%%

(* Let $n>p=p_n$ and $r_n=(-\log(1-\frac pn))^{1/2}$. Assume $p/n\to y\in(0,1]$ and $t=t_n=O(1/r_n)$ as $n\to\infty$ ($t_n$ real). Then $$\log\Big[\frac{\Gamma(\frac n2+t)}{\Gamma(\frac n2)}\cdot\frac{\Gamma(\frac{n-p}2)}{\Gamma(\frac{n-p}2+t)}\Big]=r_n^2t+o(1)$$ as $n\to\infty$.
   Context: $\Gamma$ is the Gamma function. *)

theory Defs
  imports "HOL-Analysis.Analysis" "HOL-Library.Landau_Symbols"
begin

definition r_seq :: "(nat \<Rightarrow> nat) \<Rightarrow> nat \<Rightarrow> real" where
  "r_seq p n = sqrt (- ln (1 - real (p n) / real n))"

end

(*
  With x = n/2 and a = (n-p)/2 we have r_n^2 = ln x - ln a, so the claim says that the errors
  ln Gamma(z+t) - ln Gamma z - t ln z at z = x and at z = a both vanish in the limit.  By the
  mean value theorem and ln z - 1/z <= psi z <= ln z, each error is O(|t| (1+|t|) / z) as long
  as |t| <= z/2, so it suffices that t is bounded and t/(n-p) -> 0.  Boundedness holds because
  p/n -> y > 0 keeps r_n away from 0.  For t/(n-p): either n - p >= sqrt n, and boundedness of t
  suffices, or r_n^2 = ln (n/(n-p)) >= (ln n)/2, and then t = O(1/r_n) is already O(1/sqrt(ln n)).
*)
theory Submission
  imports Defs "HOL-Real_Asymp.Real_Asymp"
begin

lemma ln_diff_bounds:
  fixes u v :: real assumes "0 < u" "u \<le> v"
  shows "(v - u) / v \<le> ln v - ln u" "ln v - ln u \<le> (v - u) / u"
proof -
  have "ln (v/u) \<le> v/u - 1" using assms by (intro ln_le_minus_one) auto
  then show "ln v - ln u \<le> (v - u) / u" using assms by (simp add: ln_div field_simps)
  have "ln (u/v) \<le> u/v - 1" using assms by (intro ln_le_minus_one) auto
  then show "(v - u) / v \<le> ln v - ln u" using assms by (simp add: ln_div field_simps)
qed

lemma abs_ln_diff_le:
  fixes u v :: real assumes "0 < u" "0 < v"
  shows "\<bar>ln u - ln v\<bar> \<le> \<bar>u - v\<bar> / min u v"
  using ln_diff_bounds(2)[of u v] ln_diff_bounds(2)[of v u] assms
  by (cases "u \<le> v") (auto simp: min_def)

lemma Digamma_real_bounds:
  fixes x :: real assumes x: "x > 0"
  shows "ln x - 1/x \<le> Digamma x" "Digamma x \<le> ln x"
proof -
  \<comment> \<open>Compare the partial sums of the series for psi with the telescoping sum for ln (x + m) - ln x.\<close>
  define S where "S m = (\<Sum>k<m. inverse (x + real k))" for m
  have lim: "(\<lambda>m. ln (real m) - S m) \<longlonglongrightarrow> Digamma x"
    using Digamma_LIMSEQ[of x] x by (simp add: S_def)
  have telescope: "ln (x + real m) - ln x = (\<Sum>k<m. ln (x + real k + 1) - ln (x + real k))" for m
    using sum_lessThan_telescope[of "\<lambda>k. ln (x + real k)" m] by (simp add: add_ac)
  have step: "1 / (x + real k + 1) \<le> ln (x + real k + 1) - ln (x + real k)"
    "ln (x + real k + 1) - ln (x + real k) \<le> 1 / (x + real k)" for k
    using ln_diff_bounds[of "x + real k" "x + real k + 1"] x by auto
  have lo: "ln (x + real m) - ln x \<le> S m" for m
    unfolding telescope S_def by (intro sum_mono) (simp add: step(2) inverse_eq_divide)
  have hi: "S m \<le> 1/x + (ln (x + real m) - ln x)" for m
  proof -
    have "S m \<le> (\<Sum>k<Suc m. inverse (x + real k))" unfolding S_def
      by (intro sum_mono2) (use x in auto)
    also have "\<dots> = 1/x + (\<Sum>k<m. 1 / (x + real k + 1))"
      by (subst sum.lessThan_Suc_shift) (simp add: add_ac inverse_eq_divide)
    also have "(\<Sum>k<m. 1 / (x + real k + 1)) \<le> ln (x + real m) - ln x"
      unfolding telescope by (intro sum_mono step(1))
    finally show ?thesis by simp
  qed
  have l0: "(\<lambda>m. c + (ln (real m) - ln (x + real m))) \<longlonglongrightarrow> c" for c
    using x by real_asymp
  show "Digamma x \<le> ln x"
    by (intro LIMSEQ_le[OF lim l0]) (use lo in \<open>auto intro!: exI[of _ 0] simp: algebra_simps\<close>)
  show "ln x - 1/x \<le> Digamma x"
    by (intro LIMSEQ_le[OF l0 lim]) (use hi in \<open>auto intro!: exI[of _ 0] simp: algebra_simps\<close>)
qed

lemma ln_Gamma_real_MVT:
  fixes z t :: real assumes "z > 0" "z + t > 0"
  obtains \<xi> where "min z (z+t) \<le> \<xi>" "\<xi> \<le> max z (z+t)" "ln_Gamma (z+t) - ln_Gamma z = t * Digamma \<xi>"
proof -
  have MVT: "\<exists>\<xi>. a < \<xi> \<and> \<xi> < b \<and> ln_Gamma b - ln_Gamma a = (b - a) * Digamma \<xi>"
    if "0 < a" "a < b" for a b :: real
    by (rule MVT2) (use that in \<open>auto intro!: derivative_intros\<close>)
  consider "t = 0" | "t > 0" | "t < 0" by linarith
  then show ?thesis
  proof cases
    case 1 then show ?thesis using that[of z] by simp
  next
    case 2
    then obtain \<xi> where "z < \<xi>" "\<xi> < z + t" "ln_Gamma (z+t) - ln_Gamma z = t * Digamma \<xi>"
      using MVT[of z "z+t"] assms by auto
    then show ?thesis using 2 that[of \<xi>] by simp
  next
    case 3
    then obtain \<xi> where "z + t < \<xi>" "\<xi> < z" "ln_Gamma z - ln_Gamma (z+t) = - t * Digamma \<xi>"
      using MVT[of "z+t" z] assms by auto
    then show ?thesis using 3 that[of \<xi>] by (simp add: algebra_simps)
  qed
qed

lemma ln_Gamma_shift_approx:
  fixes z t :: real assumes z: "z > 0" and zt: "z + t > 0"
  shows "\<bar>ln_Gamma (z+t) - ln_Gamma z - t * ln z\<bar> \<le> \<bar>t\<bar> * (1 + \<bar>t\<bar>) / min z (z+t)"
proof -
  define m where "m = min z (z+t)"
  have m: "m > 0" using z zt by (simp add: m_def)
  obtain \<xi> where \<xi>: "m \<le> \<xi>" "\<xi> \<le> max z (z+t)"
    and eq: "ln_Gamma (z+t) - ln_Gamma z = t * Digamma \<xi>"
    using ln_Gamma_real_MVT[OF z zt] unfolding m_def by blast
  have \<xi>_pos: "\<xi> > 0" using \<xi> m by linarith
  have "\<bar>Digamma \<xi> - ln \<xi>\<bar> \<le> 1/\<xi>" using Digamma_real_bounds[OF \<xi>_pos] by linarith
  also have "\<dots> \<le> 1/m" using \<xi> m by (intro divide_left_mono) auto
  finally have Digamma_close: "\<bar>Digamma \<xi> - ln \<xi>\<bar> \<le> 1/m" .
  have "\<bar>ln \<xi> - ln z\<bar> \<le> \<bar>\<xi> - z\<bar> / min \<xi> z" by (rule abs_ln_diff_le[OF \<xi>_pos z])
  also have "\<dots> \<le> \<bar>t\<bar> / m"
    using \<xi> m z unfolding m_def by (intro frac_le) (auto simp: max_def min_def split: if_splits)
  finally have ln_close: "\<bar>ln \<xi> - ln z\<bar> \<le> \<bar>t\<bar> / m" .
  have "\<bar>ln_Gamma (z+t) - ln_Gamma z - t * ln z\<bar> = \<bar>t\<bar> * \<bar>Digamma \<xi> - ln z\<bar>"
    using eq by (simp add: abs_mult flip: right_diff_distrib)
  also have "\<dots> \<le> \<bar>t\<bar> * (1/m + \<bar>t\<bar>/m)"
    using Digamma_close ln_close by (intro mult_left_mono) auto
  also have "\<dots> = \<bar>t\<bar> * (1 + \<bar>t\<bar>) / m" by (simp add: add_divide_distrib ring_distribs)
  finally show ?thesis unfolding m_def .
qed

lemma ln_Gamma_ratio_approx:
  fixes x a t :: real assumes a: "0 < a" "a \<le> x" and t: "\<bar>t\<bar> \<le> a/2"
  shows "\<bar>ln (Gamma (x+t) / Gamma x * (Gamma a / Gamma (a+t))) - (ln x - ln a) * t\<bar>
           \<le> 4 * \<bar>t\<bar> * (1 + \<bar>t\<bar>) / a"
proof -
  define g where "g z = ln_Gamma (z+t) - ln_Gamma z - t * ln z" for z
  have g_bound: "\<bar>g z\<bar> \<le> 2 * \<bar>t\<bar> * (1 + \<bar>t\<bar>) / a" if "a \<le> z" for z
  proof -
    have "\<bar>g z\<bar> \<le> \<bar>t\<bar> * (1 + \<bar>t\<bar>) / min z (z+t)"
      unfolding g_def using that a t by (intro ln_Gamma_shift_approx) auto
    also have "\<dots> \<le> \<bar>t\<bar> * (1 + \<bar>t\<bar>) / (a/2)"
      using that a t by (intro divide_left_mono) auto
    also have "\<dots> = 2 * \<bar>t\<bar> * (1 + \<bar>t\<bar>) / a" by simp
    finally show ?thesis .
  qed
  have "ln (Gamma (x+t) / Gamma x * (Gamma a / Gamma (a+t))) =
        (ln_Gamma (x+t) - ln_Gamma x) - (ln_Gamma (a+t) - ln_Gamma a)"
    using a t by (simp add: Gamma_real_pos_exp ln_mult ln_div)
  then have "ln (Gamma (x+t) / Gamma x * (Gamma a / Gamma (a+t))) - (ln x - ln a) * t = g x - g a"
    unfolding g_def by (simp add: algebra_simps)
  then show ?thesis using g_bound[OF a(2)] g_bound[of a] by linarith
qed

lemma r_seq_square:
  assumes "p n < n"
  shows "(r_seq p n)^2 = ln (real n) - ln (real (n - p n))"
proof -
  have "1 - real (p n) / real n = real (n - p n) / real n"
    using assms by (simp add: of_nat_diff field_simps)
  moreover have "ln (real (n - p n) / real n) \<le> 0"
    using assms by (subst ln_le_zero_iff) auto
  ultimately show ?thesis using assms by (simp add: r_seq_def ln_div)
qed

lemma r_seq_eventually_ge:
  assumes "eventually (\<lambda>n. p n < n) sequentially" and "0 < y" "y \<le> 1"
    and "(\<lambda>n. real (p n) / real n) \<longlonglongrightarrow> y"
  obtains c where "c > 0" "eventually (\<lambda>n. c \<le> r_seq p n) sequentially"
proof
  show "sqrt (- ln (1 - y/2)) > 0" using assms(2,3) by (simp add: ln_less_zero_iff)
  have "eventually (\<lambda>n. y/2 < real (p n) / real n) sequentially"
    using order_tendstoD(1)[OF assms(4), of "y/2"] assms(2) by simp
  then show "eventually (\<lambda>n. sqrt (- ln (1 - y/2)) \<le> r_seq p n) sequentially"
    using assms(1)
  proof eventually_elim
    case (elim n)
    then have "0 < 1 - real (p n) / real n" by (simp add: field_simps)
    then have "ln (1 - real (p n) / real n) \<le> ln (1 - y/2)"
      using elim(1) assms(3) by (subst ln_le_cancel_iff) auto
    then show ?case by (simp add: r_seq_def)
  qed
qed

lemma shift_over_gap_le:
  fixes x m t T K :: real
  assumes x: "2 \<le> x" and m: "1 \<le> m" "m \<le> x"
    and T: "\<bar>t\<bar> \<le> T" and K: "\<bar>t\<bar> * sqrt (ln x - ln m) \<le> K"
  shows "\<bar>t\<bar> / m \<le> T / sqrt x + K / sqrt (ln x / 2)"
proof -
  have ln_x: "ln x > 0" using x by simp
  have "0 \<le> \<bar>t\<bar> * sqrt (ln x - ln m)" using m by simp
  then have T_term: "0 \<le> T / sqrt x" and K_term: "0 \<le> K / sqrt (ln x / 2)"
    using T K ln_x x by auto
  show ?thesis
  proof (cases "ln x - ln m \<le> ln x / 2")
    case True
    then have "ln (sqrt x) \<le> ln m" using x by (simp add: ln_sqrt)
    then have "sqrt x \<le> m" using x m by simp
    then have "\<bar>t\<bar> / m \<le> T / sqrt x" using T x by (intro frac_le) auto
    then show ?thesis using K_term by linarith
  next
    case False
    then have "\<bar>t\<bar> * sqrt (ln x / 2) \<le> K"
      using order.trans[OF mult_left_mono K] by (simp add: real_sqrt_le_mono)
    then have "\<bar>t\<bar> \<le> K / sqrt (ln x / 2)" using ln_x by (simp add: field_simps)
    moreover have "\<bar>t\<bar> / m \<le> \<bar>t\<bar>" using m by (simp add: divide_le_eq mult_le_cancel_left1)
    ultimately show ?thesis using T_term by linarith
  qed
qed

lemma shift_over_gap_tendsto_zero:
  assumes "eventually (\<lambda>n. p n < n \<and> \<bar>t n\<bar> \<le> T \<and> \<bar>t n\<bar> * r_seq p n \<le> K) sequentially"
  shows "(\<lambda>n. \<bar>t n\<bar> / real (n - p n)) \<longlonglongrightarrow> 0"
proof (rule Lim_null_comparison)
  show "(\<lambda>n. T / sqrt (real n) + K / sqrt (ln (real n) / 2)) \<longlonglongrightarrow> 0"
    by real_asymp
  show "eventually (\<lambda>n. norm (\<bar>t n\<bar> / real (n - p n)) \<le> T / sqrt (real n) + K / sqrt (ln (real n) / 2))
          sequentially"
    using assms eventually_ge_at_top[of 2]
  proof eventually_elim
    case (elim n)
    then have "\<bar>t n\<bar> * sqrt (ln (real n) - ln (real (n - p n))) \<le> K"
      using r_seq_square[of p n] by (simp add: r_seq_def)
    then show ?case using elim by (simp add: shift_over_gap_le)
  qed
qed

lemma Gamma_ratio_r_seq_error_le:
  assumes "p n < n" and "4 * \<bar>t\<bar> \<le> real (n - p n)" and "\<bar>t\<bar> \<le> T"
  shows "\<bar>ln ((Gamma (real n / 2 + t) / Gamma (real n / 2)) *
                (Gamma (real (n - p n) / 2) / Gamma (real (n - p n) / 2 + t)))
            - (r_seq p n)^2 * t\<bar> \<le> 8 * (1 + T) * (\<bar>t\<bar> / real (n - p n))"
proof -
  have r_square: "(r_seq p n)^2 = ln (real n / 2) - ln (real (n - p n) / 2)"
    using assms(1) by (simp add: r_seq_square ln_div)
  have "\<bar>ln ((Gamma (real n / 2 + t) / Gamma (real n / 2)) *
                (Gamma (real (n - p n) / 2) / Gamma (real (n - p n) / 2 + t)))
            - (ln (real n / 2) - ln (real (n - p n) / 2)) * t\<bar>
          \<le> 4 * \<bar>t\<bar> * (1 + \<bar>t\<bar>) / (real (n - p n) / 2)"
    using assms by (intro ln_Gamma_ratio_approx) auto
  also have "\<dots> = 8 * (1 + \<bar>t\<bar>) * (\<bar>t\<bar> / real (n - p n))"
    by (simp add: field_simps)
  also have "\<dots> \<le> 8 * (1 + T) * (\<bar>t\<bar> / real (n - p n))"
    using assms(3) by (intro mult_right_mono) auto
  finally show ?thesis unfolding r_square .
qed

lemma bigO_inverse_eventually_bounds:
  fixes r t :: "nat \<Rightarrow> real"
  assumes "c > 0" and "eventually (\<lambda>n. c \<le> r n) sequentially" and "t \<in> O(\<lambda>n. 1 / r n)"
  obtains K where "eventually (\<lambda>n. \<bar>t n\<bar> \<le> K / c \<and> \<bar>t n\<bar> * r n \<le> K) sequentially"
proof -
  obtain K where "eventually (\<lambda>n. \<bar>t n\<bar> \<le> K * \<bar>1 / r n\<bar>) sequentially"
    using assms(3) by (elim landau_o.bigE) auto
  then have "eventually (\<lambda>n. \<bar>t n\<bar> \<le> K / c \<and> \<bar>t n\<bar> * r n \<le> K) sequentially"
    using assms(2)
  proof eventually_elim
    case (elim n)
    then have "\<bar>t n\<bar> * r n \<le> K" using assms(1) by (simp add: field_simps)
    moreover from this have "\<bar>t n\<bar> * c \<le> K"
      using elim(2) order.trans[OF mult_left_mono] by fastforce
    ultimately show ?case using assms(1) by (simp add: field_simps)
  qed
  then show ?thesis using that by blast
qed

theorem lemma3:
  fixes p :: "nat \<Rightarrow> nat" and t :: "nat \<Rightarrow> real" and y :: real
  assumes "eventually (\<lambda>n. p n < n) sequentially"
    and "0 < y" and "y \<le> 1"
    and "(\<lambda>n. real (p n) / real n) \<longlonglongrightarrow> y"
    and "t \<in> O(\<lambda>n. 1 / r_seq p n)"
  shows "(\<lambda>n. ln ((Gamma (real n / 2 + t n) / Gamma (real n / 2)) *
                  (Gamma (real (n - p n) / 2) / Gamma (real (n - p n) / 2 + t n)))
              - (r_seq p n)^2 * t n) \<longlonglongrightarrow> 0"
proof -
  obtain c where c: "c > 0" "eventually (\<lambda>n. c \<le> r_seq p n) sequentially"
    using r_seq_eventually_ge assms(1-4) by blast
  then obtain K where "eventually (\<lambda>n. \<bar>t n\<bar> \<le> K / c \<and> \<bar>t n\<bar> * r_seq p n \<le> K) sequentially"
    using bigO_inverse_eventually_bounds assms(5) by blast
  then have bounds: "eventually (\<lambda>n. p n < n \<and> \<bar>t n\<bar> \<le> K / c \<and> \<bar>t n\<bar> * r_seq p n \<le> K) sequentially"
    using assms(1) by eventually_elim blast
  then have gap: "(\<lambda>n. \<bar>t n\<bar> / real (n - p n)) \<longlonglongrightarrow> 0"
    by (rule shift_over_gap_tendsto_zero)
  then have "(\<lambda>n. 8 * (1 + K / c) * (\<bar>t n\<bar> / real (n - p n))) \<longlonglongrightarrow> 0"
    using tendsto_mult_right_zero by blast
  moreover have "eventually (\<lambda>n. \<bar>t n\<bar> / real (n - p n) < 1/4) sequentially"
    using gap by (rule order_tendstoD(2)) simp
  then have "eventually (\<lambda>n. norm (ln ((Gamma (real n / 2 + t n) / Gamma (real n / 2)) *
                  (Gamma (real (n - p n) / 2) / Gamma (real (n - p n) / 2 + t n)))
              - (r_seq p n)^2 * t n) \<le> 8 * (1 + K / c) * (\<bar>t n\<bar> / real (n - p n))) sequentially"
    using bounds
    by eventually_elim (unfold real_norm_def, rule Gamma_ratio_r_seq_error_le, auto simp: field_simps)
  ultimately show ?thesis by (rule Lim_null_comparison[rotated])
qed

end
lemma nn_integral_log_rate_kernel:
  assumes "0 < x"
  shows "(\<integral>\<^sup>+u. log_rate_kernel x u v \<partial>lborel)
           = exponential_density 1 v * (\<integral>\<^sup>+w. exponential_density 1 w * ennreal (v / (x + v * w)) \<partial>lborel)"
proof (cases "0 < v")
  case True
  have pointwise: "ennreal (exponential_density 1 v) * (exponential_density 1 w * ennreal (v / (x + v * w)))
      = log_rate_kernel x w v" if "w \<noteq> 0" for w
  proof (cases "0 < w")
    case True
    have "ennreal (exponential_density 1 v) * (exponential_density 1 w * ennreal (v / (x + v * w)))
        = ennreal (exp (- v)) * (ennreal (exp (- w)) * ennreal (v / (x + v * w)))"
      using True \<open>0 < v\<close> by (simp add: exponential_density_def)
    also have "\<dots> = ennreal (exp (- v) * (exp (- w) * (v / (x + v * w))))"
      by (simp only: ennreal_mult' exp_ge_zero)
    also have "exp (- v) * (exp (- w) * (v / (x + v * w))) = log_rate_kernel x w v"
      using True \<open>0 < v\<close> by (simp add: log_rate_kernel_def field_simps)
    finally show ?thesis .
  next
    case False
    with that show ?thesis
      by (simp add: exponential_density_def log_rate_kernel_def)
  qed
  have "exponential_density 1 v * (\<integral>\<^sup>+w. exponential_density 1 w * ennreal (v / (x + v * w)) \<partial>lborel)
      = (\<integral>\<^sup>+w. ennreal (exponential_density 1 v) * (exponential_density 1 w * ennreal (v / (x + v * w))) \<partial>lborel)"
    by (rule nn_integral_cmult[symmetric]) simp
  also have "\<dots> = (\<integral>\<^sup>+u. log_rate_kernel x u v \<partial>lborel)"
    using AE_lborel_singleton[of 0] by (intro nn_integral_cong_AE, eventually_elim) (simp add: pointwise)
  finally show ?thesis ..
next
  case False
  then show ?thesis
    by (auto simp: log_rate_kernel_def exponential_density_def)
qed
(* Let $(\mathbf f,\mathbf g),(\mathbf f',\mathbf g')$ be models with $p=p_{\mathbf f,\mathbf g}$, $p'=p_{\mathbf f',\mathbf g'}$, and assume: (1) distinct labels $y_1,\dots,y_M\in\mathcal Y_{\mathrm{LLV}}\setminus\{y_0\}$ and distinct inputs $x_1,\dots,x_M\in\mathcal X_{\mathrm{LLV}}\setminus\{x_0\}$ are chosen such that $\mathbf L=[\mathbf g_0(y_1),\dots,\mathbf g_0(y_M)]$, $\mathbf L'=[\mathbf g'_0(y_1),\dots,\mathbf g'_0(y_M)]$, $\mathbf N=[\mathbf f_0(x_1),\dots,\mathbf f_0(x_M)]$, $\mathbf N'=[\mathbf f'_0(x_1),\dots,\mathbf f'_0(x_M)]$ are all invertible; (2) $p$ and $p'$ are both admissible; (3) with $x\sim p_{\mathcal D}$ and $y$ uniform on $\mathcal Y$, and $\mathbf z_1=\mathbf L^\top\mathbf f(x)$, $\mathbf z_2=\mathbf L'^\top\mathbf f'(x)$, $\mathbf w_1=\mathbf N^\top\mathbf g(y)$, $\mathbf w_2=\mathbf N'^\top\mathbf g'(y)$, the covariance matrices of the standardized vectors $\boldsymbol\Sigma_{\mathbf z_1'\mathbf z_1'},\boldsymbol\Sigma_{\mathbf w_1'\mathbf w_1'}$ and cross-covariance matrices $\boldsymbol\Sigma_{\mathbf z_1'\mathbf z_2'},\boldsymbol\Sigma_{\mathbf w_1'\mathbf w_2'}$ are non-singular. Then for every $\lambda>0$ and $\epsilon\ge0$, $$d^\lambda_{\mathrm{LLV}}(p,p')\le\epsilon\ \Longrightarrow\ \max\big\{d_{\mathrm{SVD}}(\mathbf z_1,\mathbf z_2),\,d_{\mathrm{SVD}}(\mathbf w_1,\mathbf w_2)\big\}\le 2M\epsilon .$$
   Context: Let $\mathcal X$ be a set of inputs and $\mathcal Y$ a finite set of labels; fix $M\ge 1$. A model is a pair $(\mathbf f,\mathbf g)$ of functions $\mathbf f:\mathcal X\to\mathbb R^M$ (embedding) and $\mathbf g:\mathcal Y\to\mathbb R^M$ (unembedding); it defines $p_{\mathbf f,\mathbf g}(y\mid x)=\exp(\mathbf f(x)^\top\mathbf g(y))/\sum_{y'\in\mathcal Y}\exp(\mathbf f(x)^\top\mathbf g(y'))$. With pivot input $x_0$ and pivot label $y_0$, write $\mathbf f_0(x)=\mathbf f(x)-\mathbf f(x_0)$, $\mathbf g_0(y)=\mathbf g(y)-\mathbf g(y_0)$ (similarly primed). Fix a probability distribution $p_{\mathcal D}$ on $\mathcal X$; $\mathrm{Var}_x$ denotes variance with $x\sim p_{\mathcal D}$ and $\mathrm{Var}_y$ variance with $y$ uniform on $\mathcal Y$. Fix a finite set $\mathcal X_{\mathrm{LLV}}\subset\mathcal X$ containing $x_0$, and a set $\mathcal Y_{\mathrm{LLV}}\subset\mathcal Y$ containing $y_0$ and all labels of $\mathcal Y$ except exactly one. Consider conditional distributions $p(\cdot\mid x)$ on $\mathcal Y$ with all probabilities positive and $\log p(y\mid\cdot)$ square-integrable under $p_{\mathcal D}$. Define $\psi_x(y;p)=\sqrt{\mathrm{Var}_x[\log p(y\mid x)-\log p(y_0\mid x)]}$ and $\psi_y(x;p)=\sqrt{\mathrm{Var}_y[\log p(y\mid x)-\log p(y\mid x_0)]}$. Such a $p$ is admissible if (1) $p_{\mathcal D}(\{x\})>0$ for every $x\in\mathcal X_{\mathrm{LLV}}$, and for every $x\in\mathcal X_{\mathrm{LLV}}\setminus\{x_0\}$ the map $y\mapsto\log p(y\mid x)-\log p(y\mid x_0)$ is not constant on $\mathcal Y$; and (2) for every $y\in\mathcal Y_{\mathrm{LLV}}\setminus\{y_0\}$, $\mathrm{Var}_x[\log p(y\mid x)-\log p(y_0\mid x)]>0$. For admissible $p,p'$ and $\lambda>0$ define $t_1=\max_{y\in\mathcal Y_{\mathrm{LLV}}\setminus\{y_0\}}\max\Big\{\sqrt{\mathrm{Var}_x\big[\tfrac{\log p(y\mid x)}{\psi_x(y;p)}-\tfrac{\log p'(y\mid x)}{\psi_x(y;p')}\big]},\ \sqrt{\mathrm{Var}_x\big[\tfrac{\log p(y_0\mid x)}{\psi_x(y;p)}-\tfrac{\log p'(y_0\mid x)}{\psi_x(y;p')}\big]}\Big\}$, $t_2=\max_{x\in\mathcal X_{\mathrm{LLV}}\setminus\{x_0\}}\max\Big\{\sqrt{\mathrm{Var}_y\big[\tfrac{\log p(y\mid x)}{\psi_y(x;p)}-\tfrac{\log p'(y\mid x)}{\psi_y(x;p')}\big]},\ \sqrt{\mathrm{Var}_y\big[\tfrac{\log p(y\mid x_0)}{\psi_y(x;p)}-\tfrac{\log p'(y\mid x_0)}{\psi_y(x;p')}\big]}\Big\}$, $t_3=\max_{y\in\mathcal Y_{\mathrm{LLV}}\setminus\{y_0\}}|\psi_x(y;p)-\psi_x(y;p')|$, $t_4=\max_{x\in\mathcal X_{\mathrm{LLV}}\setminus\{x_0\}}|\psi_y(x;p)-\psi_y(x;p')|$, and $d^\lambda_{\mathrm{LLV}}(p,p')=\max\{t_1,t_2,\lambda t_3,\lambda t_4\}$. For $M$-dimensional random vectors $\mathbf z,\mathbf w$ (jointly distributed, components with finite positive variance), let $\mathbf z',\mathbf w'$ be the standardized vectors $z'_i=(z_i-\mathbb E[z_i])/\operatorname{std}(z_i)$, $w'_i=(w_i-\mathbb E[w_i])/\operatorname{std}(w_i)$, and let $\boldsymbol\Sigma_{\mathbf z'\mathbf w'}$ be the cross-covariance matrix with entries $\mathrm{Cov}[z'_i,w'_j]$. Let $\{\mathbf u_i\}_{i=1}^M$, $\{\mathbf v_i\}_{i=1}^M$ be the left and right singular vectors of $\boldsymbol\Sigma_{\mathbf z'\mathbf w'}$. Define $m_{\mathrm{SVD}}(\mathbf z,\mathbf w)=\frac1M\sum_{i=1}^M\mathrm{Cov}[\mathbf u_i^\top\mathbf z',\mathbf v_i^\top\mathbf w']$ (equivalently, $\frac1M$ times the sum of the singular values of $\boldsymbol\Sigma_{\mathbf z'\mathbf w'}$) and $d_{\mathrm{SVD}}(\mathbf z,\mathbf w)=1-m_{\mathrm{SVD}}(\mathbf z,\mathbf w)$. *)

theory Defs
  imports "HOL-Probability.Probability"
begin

%%

### [WHAT TO DO]
The answer is the lines above between the line holding "a b :: real" and the line holding "using Digamma_close ln_close", inclusive, each written out exactly, and no others.

### [SOLUTION FOR THIS PROBLEM]
    if "0 < a" "a < b" for a b :: real
    by (rule MVT2) (use that in \<open>auto intro!: derivative_intros\<close>)
  consider "t = 0" | "t > 0" | "t < 0" by linarith
  then show ?thesis
  proof cases
    case 1 then show ?thesis using that[of z] by simp
  next
    case 2
    then obtain \<xi> where "z < \<xi>" "\<xi> < z + t" "ln_Gamma (z+t) - ln_Gamma z = t * Digamma \<xi>"
      using MVT[of z "z+t"] assms by auto
    then show ?thesis using 2 that[of \<xi>] by simp
  next
    case 3
    then obtain \<xi> where "z + t < \<xi>" "\<xi> < z" "ln_Gamma z - ln_Gamma (z+t) = - t * Digamma \<xi>"
      using MVT[of "z+t" z] assms by auto
    then show ?thesis using 3 that[of \<xi>] by (simp add: algebra_simps)
  qed
qed

lemma ln_Gamma_shift_approx:
  fixes z t :: real assumes z: "z > 0" and zt: "z + t > 0"
  shows "\<bar>ln_Gamma (z+t) - ln_Gamma z - t * ln z\<bar> \<le> \<bar>t\<bar> * (1 + \<bar>t\<bar>) / min z (z+t)"
proof -
  define m where "m = min z (z+t)"
  have m: "m > 0" using z zt by (simp add: m_def)
  obtain \<xi> where \<xi>: "m \<le> \<xi>" "\<xi> \<le> max z (z+t)"
    and eq: "ln_Gamma (z+t) - ln_Gamma z = t * Digamma \<xi>"
    using ln_Gamma_real_MVT[OF z zt] unfolding m_def by blast
  have \<xi>_pos: "\<xi> > 0" using \<xi> m by linarith
  have "\<bar>Digamma \<xi> - ln \<xi>\<bar> \<le> 1/\<xi>" using Digamma_real_bounds[OF \<xi>_pos] by linarith
  also have "\<dots> \<le> 1/m" using \<xi> m by (intro divide_left_mono) auto
  finally have Digamma_close: "\<bar>Digamma \<xi> - ln \<xi>\<bar> \<le> 1/m" .
  have "\<bar>ln \<xi> - ln z\<bar> \<le> \<bar>\<xi> - z\<bar> / min \<xi> z" by (rule abs_ln_diff_le[OF \<xi>_pos z])
  also have "\<dots> \<le> \<bar>t\<bar> / m"
    using \<xi> m z unfolding m_def by (intro frac_le) (auto simp: max_def min_def split: if_splits)
  finally have ln_close: "\<bar>ln \<xi> - ln z\<bar> \<le> \<bar>t\<bar> / m" .
  have "\<bar>ln_Gamma (z+t) - ln_Gamma z - t * ln z\<bar> = \<bar>t\<bar> * \<bar>Digamma \<xi> - ln z\<bar>"
    using eq by (simp add: abs_mult flip: right_diff_distrib)
  also have "\<dots> \<le> \<bar>t\<bar> * (1/m + \<bar>t\<bar>/m)"
    using Digamma_close ln_close by (intro mult_left_mono) auto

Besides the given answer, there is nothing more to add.